Contested Histories event - Valley of the Fallen

This is the fourth event of the Contested Histories Project, organised by Aline Sierp and Lorena Ortiz Cabrero (Faculty of Arts and Social Sciences).

This event is about the Valley of the Fallen in Spain, a memorial for those perished in the Spanish Civil War and the final resting place of Francisco Franco. It is considered by many memory scholars to be Europe’s most controversial monument.

The session will include the following speakers:

Dr. Marije Hristova is Assistant Professor of Hispanic Cultures and Literature at Radboud University Nijmegen and a researcher in the project NECROPOL, funded by the Spanish Ministry of Science and Innovation. She is a specialist in Spanish memory cultures, transnational memories of the Spanish Civil War and the production of cultural memories after the forensic turn in Spain and in Europe.

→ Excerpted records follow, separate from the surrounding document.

locale seir =
  fixes \<beta> \<gamma> \<delta> St Et It Rt \<alpha> :: real and \<psi> :: "real \<Rightarrow> real" and N u0 uinf :: real
  assumes N_eq: "N = St + Et + It + Rt"
    and u0_eq: "u0 = exp (-(\<beta>/\<gamma>) * Rt)"
    and uinf_eq: "uinf = exp (-(\<beta>/\<gamma>) * \<alpha>)"
    and rates_pos: "\<beta> > 0" "\<gamma> > 0" "\<delta> > 0"
    and St_pos: "St > 0"
    and Et_pos: "Et > 0"
    and Rt_less_alpha: "Rt < \<alpha>"
    and alpha_eq: "\<alpha> = N - St * exp ((\<beta>/\<gamma>) * Rt) * exp (-(\<beta>/\<gamma>) * \<alpha>)"
    and psi_cont: "continuous_on {uinf<..u0} \<psi>"
    and psi_pos: "\<And>u. u \<in> {uinf<..u0} \<Longrightarrow> \<psi> u > 0"
    and psi_ode: "\<And>u. u \<in> {uinf<..<u0} \<Longrightarrow> \<exists>d. (\<psi> has_real_derivative d) (at u) \<and>
        d * \<psi> u - ((\<gamma> + \<delta>) / u) * \<psi> u
          = -\<delta> * ((\<beta> * N - \<beta> * St * exp ((\<beta>/\<gamma>) * Rt) * u + \<gamma> * ln u) / u)"
    and psi_init: "\<psi> u0 = \<beta> * It"
begin

definition K :: real where
  "K = St * exp ((\<beta>/\<gamma>) * Rt)"

text \<open>\<open>F u / \<beta>\<close> is \<open>E + I = N - S - R\<close> at the state with \<open>S = K u\<close> and \<open>R = -(\<gamma>/\<beta>) ln u\<close>.\<close>
definition F :: "real \<Rightarrow> real" where
  "F u = \<beta> * N - \<beta> * K * u + \<gamma> * ln u"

In her presentation, she understands the Valley of the Fallen within the wider Francoist politics of remembrance. As such, it is part of a constellation of sites and places of memory marked by National Catholicism and its necropolitical culture of martyrdom. She will focus on the meaning of the Valley of the Fallen before 1975, that is, before it became to be known as ‘Franco’s grave.’

Dr. Francisco Ferrándiz is a Tenured Researcher at CSIC, and Senior Advisor in the State Secretariat for Democratic Memory, of the Ministry of the Presidency in Spain’s central government. Since 2002, he has conducted research on the politics of memory in contemporary Spain, analysing the exhumations of mass graves from the Civil War (1936‒1939). He is presently Principal Investigator (PI) of the research project The Politics of Memory Exhumations in Contemporary Spain, funded by the Spanish Ministry of Science and Innovation.

Based on long-term ethnographic research on contemporary exhumations of mass graves from the Spanish Civil War (1936-1939), his presentation explores the controversies taking shape over the Valley of the Fallen, the most conspicuous Francoist monument in contemporary Spain. In the last few years, the Valley has come under close scrutiny and criticism, and an institutional project to significantly re-signify it, including the exhumation of the former dictator from its Basilica in late 2019, is currently underway.

Contested Histories Onsite is a joint project between the Memory Studies Association and EuroClio and is funded by the European Commission. The project aims to use historical sites representing past totalitarian regimes as a starting point for discussion with citizens about the importance of pluralism, civic rights and democratic practices.